Dear ╭(╯3╰)╮, please choose the satisfactory answer ~ ~.

Dear ╭(╯3╰)╮, please choose the satisfactory answer ~ ~.

In △DEF, DE=DF, and a straight line passing through point A on EF intersects with the extension lines of DE and DF at point B and point C respectively, and be = CF 。

Proof: ab = AC.

Testing Center: congruent triangles's Judgment and Nature.

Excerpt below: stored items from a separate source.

lemma finite_dim_edges: "finite (dim_edges n i P)"
  by (simp add: dim_edges_def)

lemma finite_even_cross: "finite (even_cross n i)"
  by (simp add: even_cross_eq_dim_edges finite_dim_edges)

lemma finite_odd_cross: "finite (odd_cross n i)"
  by (simp add: odd_cross_eq_dim_edges finite_dim_edges)

lemma lessThan_Diff_singleton_nonempty:
  fixes n i :: nat
  assumes "2 \<le> n"
  shows "{..<n} - {i} \<noteq> {}"
proof -
  have "(if i = 0 then 1 else 0) \<in> {..<n} - {i}" using assms by auto
  then show ?thesis by blast
qed

lemma card_even_cross_odd_cross:
  assumes "2 \<le> n" "i < n"
  shows "card (even_cross n i) = 2 ^ (n - 2)" and "card (odd_cross n i) = 2 ^ (n - 2)"
proof -
  have "{..<n} - {i} \<noteq> {}" using assms(1) by (rule lessThan_Diff_singleton_nonempty)
  moreover have "card ({..<n} - {i}) - 1 = n - 2" using assms by simp
  ultimately show "card (even_cross n i) = 2 ^ (n - 2)" "card (odd_cross n i) = 2 ^ (n - 2)"
    using card_Pow_even_odd[of "{..<n} - {i}"]
    by (simp_all add: even_cross_eq_dim_edges odd_cross_eq_dim_edges card_dim_edges)
qed

lemma qedgesE:
  assumes "e \<in> qedges n"
  obtains u j where "e = {u, flip u j}" "u \<subseteq> {..<n}" "j < n"
  using assms unfolding qedges_def qverts_def by blast

lemma mem_flip_iff: "i \<noteq> j \<Longrightarrow> i \<in> flip u j \<longleftrightarrow> i \<in> u"
  by (auto simp: flip_def)

lemma flip_neq: "flip u j \<noteq> u"
  by (auto simp: flip_def)

lemma even_card_flip: "finite u \<Longrightarrow> even (card (flip u j)) \<longleftrightarrow> odd (card u)"
  by (cases "j \<in> u") (auto simp: flip_def card_Diff_singleton_if)

lemma doubleton_flip_eq: "{u, flip u i} = {u - {i}, insert i (u - {i})}"
  by (auto simp: flip_def)

lemma flip_edge_notin_dim_edges:
  assumes "j \<noteq> i"
  shows "{u, flip u j} \<notin> dim_edges n i P"
proof
  assume "{u, flip u j} \<in> dim_edges n i P"
  then obtain x where "i \<notin> x" "{u, flip u j} = {x, insert i x}"
    unfolding dim_edges_def by blast
  then have "(i \<in> u) \<noteq> (i \<in> flip u j)" by (auto simp: doubleton_eq_iff)
  then show False using mem_flip_iff[OF assms[symmetric]] by simp
qed

definition cross_weight :: "nat \<Rightarrow> nat set \<Rightarrow> int" where
  "cross_weight i v = (if i \<in> v then 0 else (-1) ^ card v)"

lemma sum_cross_weight_qedge:
  assumes "e \<in> qedges n"
  shows "(\<Sum>v\<in>e. cross_weight i v) = of_bool (e \<in> even_cross n i) - of_bool (e \<in> odd_cross n i)"
proof -
  obtain u j where e: "e = {u, flip u j}" and u: "u \<subseteq> {..<n}"
    using assms by (rule qedgesE)
  show ?thesis
  proof (cases "j = i")
    case True
    define x where "x = u - {i}"
    have e_eq: "e = {x, insert i x}" and x: "i \<notin> x" "x \<subseteq> {..<n}"
      using e u doubleton_flip_eq unfolding True x_def by auto
    have "x \<noteq> insert i x" using x(1) by blast
    then have "(\<Sum>v\<in>e. cross_weight i v) = (-1) ^ card x"
      using x(1) by (simp add: e_eq cross_weight_def)
    then show ?thesis
      using x by (simp add: e_eq even_cross_eq_dim_edges odd_cross_eq_dim_edges
          pair_in_dim_edges_iff)
  next
    case False
    have "finite u" using u finite_subset by blast
    then have "cross_weight i u + cross_weight i (flip u j) = 0"
      using even_card_flip[of u j] mem_flip_iff[of i j u] False
      by (auto simp: cross_weight_def minus_one_power_iff)
    then show ?thesis
      using False flip_neq[of u j]
      by (simp add: e even_cross_eq_dim_edges odd_cross_eq_dim_edges flip_edge_notin_dim_edges)
  qed
qed

lemma sum_cross_weight_qverts:
  assumes "2 \<le> n"
  shows "(\<Sum>v\<in>qverts n. cross_weight i v) = 0"
proof -
  have "{..<n} - {i} \<noteq> {}" using assms(1) by (rule lessThan_Diff_singleton_nonempty)
  have "(\<Sum>v\<in>qverts n. cross_weight i v) = (\<Sum>v\<in>Pow ({..<n} - {i}). (-1) ^ card v)"
    unfolding qverts_def cross_weight_def by (rule sum.mono_neutral_cong_right) auto
  also have "\<dots> = 0"
    by (rule sum_alternating_cancels)
       (use card_Pow_even_odd[OF _ \<open>{..<n} - {i} \<noteq> {}\<close>] in auto)
  finally show ?thesis .
qed

lemma qedge_between_sides:
  assumes "e \<in> qedges n" "x \<in> e" "y \<in> e" "i \<in> x" "i \<notin> y"
  shows "e \<in> even_cross n i \<union> odd_cross n i"
proof -
  obtain u j where e: "e = {u, flip u j}" and u: "u \<subseteq> {..<n}"
    using assms(1) by (rule qedgesE)
  have "j = i" using assms mem_flip_iff[of i j u] unfolding e by auto
  then have "e = {u - {i}, insert i (u - {i})}" using e doubleton_flip_eq by simp
  then show ?thesis
    using u pair_in_dim_edges_iff[of i "u - {i}"]
    by (auto simp: even_cross_eq_dim_edges odd_cross_eq_dim_edges)
qed

lemma qham_card_even_cross_eq_odd_cross:
  assumes "2 \<le> n" "i < n" "qham n F C"
  shows "card (C \<inter> even_cross n i) = card (C \<inter> odd_cross n i)"
proof -
  have ham: "ham_cycle (qverts n) (qedges n - F) C" using assms(3) unfolding qham_def .
  have "finite C" "C \<subseteq> qedges n"
    using ham_cycle_finite[OF ham] ham_cycle_subset[OF ham] by auto
  have "0 = 2 * (\<Sum>v\<in>qverts n. cross_weight i v)"
    using sum_cross_weight_qverts[OF assms(1)] by simp
  also have "\<dots> = (\<Sum>e\<in>C. \<Sum>v\<in>e. cross_weight i v)"
    by (rule ham_cycle_sum_endpoints[OF ham, symmetric])
  also have "\<dots> = (\<Sum>e\<in>C. of_bool (e \<in> even_cross n i) - of_bool (e \<in> odd_cross n i))"
    using \<open>C \<subseteq> qedges n\<close> by (intro sum.cong) (auto simp: sum_cross_weight_qedge)
  also have "\<dots> = int (card (C \<inter> even_cross n i)) - int (card (C \<inter> odd_cross n i))"
    using \<open>finite C\<close> by (simp add: sum_subtractf sum_of_bool_eq Int_def)
  finally show ?thesis by simp
qed

lemma qham_meets_crossing_edges:
  assumes "i < n" "qham n F C"
  shows "C \<inter> (even_cross n i \<union> odd_cross n i) \<noteq> {}"
proof -
  have ham: "ham_cycle (qverts n) (qedges n - F) C" using assms(2) unfolding qham_def .
  then have "C \<subseteq> qedges n" using ham_cycle_subset by fastforce
  have "{i} \<in> qverts n" "{} \<in> qverts n" using assms(1) by (auto simp: qverts_def)
  then obtain e x y where "e \<in> C" "x \<in> e" "y \<in> e" "i \<in> x" "i \<notin> y"
    using ham_cycle_crosses[OF ham, of "{i}" "{}" "{v. i \<in> v}"] by auto
  then show ?thesis using qedge_between_sides \<open>C \<subseteq> qedges n\<close> by blast
qed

Special topic: proving the problem.

Analysis: Let B be BG∨CD, EF and G intersect. According to the proportion theorem of parallel lines, there is BG: DF = BE: DE, and known DE=DF, so BG=BE, and BE=CF, then the equivalent substitution is BG=CF, which is easy to prove △ ACF △ ABG, and according to the properties of congruent triangles, there is AB =

Answer: proof: pass b as BG∨CD and EF to g,

∫BG∨CD，

∴BG:DF=BE:DE,∠AGB=∠AFC，

And DE = DF,

∴BG=BE，

And ∵BE=CF,

∴BG=CF，

Similarly, ≈GAB =∠FAC,

∴△ACF≌△ABG，

∴AB=AC.

Comments: This question examines congruent triangles's judgment and nature; In solving the problem, we use the theorem of proportion of parallel lines, congruent triangles's judgment and properties, and equivalent substitution. Making auxiliary lines correctly is the key to solve this problem.

Dear ╭(╯3╰)╮, please choose the satisfactory answer ~ ~.

Dear ╭(╯3╰)╮, please choose the satisfactory answer ~ ~.

Dear ╭(╯3╰)╮, please choose the satisfactory answer ~ ~.